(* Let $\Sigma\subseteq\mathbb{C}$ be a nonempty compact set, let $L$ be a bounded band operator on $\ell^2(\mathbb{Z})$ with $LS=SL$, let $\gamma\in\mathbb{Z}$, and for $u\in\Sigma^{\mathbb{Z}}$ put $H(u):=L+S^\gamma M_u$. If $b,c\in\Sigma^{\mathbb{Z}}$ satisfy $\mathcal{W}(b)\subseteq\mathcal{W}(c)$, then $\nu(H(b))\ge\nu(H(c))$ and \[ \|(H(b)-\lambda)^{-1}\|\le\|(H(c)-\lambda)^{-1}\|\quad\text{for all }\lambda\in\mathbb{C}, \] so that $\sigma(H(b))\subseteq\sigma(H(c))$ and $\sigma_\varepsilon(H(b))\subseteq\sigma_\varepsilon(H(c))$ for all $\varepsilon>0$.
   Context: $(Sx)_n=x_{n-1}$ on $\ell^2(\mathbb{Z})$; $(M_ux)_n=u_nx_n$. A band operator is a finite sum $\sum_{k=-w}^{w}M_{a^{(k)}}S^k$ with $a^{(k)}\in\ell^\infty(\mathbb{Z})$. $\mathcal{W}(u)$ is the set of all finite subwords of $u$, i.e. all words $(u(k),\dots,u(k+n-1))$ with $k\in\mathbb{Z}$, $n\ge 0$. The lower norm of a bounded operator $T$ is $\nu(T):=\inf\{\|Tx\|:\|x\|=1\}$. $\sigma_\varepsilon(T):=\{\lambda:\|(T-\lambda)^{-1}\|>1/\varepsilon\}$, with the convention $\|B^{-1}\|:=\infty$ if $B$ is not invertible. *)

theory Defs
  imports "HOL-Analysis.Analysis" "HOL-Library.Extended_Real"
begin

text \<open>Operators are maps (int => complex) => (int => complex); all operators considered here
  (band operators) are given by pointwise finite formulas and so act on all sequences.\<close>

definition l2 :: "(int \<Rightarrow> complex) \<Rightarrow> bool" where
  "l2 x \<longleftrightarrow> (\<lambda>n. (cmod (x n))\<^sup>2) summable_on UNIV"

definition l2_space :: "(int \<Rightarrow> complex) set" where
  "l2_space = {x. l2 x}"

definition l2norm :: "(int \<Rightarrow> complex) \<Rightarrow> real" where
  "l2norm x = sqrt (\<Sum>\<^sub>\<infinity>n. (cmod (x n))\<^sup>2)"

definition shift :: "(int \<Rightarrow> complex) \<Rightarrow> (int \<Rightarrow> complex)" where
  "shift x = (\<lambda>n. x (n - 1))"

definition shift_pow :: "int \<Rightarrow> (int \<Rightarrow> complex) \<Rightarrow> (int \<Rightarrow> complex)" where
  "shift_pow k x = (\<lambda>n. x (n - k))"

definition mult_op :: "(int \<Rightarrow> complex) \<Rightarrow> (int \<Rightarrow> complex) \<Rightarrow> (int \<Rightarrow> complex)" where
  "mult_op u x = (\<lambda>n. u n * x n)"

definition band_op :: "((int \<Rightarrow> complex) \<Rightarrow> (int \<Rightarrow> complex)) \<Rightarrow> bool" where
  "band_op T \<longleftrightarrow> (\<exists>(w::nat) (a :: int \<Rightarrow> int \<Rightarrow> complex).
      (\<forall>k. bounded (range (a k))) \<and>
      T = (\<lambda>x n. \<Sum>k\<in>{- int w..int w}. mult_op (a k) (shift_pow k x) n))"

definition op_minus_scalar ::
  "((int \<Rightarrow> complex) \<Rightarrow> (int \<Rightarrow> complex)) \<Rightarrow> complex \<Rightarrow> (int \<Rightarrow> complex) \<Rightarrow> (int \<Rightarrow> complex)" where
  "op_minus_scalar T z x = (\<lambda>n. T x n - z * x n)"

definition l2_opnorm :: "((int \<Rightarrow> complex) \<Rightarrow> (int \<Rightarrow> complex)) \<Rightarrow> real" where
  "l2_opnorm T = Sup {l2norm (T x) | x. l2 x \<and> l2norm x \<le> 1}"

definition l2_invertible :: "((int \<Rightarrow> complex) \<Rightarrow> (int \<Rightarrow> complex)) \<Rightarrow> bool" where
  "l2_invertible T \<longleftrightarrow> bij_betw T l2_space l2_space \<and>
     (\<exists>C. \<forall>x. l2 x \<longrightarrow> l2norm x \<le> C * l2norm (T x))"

* * *

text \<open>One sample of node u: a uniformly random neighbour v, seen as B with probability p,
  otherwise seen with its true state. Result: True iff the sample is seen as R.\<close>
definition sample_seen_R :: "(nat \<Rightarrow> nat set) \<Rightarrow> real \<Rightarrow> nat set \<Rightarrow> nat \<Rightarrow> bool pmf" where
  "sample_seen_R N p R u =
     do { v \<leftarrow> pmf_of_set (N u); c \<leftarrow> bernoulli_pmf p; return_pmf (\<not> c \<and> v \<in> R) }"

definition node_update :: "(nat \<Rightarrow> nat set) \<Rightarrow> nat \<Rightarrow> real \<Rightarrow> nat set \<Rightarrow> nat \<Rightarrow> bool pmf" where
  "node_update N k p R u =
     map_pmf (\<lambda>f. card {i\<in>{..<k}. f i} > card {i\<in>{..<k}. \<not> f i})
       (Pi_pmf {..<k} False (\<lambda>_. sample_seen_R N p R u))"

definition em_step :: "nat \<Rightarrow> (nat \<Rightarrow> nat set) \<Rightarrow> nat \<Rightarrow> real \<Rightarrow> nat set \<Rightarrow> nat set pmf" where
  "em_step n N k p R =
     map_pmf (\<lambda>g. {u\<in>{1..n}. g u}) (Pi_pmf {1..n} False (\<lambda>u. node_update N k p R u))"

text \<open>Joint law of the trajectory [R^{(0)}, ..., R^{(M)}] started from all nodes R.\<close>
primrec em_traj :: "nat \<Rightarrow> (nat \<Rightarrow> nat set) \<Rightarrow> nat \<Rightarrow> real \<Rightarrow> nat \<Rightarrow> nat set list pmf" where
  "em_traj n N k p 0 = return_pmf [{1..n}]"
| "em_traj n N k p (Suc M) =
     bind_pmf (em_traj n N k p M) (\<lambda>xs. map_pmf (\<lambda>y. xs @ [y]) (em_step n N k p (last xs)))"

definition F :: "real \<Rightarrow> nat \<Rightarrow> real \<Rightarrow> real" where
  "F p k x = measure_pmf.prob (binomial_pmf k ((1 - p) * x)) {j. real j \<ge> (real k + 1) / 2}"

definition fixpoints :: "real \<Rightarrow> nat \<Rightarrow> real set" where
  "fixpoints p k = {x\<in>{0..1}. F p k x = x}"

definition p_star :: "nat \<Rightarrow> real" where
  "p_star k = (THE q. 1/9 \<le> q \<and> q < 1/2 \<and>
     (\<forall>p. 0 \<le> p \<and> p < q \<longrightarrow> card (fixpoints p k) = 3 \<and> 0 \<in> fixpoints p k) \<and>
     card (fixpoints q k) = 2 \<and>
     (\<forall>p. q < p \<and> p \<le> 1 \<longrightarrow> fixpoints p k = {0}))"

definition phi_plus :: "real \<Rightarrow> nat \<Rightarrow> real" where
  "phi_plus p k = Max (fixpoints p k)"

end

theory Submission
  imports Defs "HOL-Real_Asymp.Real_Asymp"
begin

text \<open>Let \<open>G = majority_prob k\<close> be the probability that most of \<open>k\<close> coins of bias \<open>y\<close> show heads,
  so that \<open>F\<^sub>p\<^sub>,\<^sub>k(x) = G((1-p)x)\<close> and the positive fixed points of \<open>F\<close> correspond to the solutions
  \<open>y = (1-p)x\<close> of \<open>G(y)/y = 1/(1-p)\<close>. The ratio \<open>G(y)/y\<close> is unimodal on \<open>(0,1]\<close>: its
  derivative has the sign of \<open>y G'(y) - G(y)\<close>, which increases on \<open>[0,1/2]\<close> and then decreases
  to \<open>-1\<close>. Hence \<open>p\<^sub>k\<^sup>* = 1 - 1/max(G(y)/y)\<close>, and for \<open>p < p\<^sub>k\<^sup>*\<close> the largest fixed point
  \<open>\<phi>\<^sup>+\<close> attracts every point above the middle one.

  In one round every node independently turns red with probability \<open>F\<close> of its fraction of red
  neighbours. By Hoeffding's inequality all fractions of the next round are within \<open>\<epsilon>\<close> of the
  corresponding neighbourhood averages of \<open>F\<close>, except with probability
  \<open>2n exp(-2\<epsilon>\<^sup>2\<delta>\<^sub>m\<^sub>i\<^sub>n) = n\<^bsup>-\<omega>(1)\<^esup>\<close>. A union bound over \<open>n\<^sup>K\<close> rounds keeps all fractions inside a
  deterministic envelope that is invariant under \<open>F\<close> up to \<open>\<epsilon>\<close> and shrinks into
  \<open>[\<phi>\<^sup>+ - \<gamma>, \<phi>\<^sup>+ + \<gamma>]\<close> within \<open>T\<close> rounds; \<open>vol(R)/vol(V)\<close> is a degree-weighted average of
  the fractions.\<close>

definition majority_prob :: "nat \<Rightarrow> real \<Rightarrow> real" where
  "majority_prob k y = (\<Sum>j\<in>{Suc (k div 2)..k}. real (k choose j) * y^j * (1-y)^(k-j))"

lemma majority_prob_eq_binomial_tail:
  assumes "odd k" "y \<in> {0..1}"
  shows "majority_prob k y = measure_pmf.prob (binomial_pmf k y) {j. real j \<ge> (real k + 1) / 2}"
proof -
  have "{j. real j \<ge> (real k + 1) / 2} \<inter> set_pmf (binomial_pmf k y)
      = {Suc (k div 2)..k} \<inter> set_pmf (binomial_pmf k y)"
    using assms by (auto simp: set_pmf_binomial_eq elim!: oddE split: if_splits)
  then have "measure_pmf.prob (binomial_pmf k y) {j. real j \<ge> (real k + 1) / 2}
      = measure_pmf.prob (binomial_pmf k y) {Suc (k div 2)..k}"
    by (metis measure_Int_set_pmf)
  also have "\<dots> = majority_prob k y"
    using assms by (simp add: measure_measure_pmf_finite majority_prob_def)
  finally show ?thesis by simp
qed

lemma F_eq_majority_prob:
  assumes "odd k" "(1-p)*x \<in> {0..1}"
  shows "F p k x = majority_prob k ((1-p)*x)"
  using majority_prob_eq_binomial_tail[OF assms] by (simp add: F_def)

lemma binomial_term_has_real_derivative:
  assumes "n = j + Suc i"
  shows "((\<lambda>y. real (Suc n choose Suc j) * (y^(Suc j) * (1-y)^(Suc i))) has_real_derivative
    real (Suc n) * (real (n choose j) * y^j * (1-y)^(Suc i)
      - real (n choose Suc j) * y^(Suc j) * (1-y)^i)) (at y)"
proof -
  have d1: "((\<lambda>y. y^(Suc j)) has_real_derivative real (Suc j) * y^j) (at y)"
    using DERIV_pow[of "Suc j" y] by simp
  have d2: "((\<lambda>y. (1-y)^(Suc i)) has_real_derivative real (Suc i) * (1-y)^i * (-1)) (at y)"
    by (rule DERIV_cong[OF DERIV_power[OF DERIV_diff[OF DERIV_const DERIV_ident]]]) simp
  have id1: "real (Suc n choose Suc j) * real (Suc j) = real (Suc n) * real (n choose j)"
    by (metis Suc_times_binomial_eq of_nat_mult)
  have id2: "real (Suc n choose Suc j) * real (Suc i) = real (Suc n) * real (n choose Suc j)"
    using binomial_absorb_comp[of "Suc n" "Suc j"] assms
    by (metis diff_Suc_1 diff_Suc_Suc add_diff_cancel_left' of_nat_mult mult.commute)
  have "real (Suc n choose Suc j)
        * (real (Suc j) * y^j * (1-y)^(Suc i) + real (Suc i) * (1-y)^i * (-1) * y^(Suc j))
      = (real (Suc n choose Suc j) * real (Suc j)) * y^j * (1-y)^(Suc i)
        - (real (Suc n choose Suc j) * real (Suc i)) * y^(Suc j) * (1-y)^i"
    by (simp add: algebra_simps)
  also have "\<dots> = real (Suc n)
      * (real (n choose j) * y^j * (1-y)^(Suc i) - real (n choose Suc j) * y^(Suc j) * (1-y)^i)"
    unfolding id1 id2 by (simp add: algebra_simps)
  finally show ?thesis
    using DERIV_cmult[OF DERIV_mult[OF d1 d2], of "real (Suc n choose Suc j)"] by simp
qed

» What you are asked to do:
Which lines of the material contain the string "rounds"? List each of them.

» Result of this exercise:
  \<open>2n exp(-2\<epsilon>\<^sup>2\<delta>\<^sub>m\<^sub>i\<^sub>n) = n\<^bsup>-\<omega>(1)\<^esup>\<close>. A union bound over \<open>n\<^sup>K\<close> rounds keeps all fractions inside a
  \<open>[\<phi>\<^sup>+ - \<gamma>, \<phi>\<^sup>+ + \<gamma>]\<close> within \<open>T\<close> rounds; \<open>vol(R)/vol(V)\<close> is a degree-weighted average of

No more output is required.